▶ _What to work on_
Find each line below containing the word "shows" and copy it.

▶ _Data for this task_

☆ ☆ ☆ ☆

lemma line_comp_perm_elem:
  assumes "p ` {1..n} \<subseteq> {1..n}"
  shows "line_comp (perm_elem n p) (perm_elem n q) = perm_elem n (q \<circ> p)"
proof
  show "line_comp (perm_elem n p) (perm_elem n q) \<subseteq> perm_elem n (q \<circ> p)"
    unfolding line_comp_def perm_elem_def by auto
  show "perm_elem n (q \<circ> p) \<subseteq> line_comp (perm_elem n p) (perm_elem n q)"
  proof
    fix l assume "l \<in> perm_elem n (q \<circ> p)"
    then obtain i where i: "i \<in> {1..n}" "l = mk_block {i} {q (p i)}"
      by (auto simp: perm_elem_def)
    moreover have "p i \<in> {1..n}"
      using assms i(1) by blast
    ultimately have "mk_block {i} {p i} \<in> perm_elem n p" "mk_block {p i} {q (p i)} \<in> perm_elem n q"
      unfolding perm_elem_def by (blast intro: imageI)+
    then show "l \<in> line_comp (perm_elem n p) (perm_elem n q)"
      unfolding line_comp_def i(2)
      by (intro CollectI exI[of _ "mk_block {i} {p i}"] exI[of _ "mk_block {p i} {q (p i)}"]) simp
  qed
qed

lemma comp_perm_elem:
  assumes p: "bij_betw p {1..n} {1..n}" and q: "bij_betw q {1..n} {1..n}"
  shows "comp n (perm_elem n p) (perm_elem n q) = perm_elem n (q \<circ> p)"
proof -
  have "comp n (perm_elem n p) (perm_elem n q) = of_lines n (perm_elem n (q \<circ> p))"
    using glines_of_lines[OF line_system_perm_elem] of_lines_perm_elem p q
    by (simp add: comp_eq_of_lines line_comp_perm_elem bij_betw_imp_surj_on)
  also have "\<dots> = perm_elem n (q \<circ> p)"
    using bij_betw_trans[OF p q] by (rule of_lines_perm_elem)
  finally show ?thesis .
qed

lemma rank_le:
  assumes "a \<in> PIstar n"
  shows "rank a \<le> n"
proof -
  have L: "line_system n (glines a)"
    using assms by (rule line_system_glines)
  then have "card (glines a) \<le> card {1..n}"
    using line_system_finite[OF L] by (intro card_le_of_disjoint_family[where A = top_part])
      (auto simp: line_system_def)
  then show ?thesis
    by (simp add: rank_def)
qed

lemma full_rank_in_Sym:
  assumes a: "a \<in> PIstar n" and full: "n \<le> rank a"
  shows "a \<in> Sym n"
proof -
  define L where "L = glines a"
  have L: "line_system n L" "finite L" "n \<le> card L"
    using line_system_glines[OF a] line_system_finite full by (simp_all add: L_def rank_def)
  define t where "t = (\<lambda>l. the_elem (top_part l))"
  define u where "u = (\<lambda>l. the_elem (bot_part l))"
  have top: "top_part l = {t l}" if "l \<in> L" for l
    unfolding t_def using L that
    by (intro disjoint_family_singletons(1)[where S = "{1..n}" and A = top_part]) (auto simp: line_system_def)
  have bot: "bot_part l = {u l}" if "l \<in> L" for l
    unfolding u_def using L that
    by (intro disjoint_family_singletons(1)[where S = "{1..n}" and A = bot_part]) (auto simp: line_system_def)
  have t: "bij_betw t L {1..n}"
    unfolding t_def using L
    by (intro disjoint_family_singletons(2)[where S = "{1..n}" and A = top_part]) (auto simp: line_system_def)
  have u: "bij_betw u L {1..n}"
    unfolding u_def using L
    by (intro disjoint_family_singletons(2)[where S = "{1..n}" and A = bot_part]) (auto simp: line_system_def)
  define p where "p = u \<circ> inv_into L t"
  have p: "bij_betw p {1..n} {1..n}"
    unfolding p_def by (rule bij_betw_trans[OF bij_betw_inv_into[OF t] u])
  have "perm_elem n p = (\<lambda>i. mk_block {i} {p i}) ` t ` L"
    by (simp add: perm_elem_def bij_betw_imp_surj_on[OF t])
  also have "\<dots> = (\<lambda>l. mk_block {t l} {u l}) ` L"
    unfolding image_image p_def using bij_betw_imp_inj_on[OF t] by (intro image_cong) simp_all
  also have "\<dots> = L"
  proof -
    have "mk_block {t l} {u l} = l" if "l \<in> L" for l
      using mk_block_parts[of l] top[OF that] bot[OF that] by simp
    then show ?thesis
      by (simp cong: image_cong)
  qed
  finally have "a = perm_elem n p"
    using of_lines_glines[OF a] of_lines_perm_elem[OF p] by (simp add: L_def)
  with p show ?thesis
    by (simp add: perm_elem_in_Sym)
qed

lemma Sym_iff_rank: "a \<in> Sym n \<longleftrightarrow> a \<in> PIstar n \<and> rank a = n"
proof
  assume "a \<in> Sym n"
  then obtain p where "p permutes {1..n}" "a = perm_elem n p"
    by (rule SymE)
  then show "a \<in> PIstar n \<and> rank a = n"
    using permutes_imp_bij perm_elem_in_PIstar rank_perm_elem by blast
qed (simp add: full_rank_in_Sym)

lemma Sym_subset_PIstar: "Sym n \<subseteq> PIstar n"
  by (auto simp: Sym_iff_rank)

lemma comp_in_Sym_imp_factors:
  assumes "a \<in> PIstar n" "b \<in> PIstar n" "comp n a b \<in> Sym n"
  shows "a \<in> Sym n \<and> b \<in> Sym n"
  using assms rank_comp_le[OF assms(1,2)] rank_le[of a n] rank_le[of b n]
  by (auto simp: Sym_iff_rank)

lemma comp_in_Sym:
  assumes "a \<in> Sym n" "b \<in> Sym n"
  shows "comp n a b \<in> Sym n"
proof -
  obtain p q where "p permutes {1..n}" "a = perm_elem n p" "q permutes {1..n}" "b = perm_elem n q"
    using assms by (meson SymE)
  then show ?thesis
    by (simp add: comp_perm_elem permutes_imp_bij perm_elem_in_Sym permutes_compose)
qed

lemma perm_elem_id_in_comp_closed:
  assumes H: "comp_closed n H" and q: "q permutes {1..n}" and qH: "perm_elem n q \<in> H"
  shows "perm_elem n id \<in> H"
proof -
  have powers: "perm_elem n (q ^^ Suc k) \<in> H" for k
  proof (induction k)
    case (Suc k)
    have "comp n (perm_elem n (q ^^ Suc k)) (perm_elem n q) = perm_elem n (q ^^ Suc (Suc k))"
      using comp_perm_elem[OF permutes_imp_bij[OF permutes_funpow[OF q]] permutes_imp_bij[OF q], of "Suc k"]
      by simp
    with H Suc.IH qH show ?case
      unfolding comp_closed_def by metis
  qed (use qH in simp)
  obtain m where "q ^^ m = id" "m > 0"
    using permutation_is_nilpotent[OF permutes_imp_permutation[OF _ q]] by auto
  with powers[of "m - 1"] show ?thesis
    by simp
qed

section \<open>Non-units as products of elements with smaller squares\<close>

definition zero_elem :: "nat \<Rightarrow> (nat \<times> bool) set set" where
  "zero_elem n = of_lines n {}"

☆ ☆ ☆ ☆

▶ _Result for this task_
  shows "line_comp (perm_elem n p) (perm_elem n q) = perm_elem n (q \<circ> p)"
  shows "comp n (perm_elem n p) (perm_elem n q) = perm_elem n (q \<circ> p)"
  shows "rank a \<le> n"
  shows "a \<in> Sym n"
  shows "a \<in> Sym n \<and> b \<in> Sym n"
  shows "comp n a b \<in> Sym n"
  shows "perm_elem n id \<in> H"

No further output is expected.